SeaChem EQ for tanks works very well and considering you really do not need much and it has everything in one product, I keep using it.

K2SO4
CaSO4
MgSO4
FeSO4
MnSO4

Regards, 
Tom Barr


----------



## Piscesgirl (Feb 25, 2004)

Thanks Tom and Phil


----------



## Edward (May 25, 2004)

Hi
Onyx usually leaks lot of *Mg* and Ca. You can check with a GH kit after one week and compare it to your tap or what ever you use as source water. There is no need dosing extra if your dGH goes up in the aquarium. 4.4 ppm of Mg makes 1 dGH and 7 ppm of Ca makes 1 dGH. 
What is your tap dGH?

Edward


----------



## Piscesgirl (Feb 25, 2004)

My tap is nearly devoid of any GH/KH, very very very soft.
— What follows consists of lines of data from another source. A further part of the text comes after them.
(* In the setting below, let $(x^{(k)},z^{(k)})$ be generated by the Bregman PD3O algorithm \[x^{(k+1)}=\mathrm{prox}^{\phi_{\mathrm p}}_{\tau f}\big(x^{(k)},\tau A^Tz^{(k)}+\tau\nabla h(x^{(k)})\big),\] \[z^{(k+1)}=\mathrm{prox}^{\phi_{\mathrm d}}_{\sigma g^*}\Big(z^{(k)},-\sigma A\big(2x^{(k+1)}-x^{(k)}+\tau(\nabla h(x^{(k)})-\nabla h(x^{(k+1)}))\big)\Big),\] with $x^{(0)}\in\operatorname{int}(\operatorname{dom}\phi_{\mathrm p})$, $z^{(0)}\in\operatorname{int}(\operatorname{dom}\phi_{\mathrm d})$, and let $x^{(k)}_{\mathrm{avg}}=\frac1k\sum_{i=1}^kx^{(i)}$, $z^{(k)}_{\mathrm{avg}}=\frac1k\sum_{i=1}^kz^{(i)}$. Then for all $k\ge1$, all $x\in\operatorname{dom}f\cap\operatorname{dom}\phi_{\mathrm p}$ and all $z\in\operatorname{dom}g^*\cap\operatorname{dom}\phi_{\mathrm d}$, \[\mathcal L(x^{(k)}_{\mathrm{avg}},z)-\mathcal L(x,z^{(k)}_{\mathrm{avg}})\le\frac3k\Big(\frac2\tau d_{\mathrm p}(x,x^{(0)})+\frac1\sigma d_{\mathrm d}(z,z^{(0)})\Big).\]
   Context: Setting: $f:\mathbb R^n\to\mathbb R\cup\{+\infty\}$ and $g:\mathbb R^m\to\mathbb R\cup\{+\infty\}$ closed convex, $g$ and $f+h$ proper, $A\in\mathbb R^{m\times n}$, $g^*$ the conjugate of $g$. $h:\mathbb R^n\to\mathbb R$ is convex and differentiable with $h(y)-h(x)-\langle\nabla h(x),y-x\rangle\le\frac L2\|y-x\|^2$ for all $x,y$ (Euclidean norm), $L>0$. Lagrangian $\mathcal L(x,z)=f(x)+h(x)+\langle z,Ax\rangle-g^*(z)$ (value $+\infty$ if $x\notin\operatorname{dom}f$, $-\infty$ if $x\in\operatorname{dom}f$, $z\notin\operatorname{dom}g^*$). A Bregman kernel $\phi$ is convex with $\operatorname{int}(\operatorname{dom}\phi)\ne\emptyset$, continuous on $\operatorname{dom}\phi$, continuously differentiable on the interior; distance $d(x,y)=\phi(x)-\phi(y)-\langle\nabla\phi(y),x-y\rangle$ on $\operatorname{dom}\phi\times\operatorname{int}(\operatorname{dom}\phi)$; $\mathrm{prox}^\phi_F(y,a)=\operatorname{argmin}_x\big(F(x)+\langle a,x\rangle+d(x,y)\big)$, assumed to be a unique point of $\operatorname{int}(\operatorname{dom}\phi)$ for all $a$ and $y\in\operatorname{int}(\operatorname{dom}\phi)$. Kernels $\phi_{\mathrm p}$ (on $\mathbb R^n$), $\phi_{\mathrm d}$ (on $\mathbb R^m$) have distances with $d_{\mathrm p}(x,x')\ge\frac12\|x-x'\|^2$ and $d_{\mathrm d}(z,z')\ge\frac12\|z-z'\|_{\mathrm d}^2$ for a norm $\|\cdot\|_{\mathrm d}$. $\|A\|=\sup_{v\ne0}\|Av\|_{\mathrm d,*}/\|v\|$ with $\|\cdot\|_{\mathrm d,*}$ the dual norm. Stepsizes $\sigma,\tau>0$ satisfy $\sigma\tau\|A\|^2\le1$ and $\tau\le1/L$. The optimality conditions $0\in\partial f(x)+\nabla h(x)+A^Tz$, $0\in\partial g^*(z)-Ax$ have a solution in $\operatorname{dom}\phi_{\mathrm p}\times\operatorname{dom}\phi_{\mathrm d}$. *)

theory Defs
  imports "HOL-Analysis.Analysis" "HOL-Library.Extended_Real"
begin

definition edom :: "('a \<Rightarrow> ereal) \<Rightarrow> 'a set" where
  "edom f = {x. f x < \<infinity>}"

definition epigraph :: "('a \<Rightarrow> ereal) \<Rightarrow> ('a \<times> real) set" where
  "epigraph f = {(x, t). f x \<le> ereal t}"

definition econvex :: "('a::real_vector \<Rightarrow> ereal) \<Rightarrow> bool" where
  "econvex f \<longleftrightarrow> convex (epigraph f)"

definition eclosed :: "('a::topological_space \<Rightarrow> ereal) \<Rightarrow> bool" where
  "eclosed f \<longleftrightarrow> closed (epigraph f)"

definition eproper :: "('a \<Rightarrow> ereal) \<Rightarrow> bool" where
  "eproper f \<longleftrightarrow> (\<forall>x. f x \<noteq> -\<infinity>) \<and> (\<exists>x. f x < \<infinity>)"

definition conjugate :: "('a::real_inner \<Rightarrow> ereal) \<Rightarrow> 'a \<Rightarrow> ereal" where
  "conjugate g z = (SUP x. ereal (z \<bullet> x) - g x)"

definition subdiff :: "('a::real_inner \<Rightarrow> ereal) \<Rightarrow> 'a \<Rightarrow> 'a set" where
  "subdiff f x = {s. f x \<noteq> \<infinity> \<and> (\<forall>y. f x + ereal (s \<bullet> (y - x)) \<le> f y)}"

definition is_norm :: "('a::real_vector \<Rightarrow> real) \<Rightarrow> bool" where
  "is_norm N \<longleftrightarrow> (\<forall>z. N z \<ge> 0) \<and> (\<forall>z. N z = 0 \<longleftrightarrow> z = 0)
     \<and> (\<forall>c z. N (c *\<^sub>R z) = \<bar>c\<bar> * N z) \<and> (\<forall>z w. N (z + w) \<le> N z + N w)"

definition dual_norm :: "('a::real_inner \<Rightarrow> real) \<Rightarrow> 'a \<Rightarrow> real" where
  "dual_norm N w = Sup {w \<bullet> z | z. N z \<le> 1}"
My 20 gallon has a kh of 6 with the Onyx (mixed with gravel not a lot of substrate, I'd say about an inch).


----------



## plantbrain (Jan 23, 2004)

Sounds like Neil's Tap add some SeaChem EQ, 1/4-1/2 teaspoon once a week will address it.

500 gram bottle will last a very long time.

Regards, 
Tom Barr


----------



## Piscesgirl (Feb 25, 2004)

I have the EQ, but it doesn't dissolve very well -- and with the Onyx raising the Kh so much, I figured maybe I don't really need to add the Mag/Cal. I do add Potassium Nitrate, Potassium Sulfate, and Potassium Phosphate (Greg Watson).


----------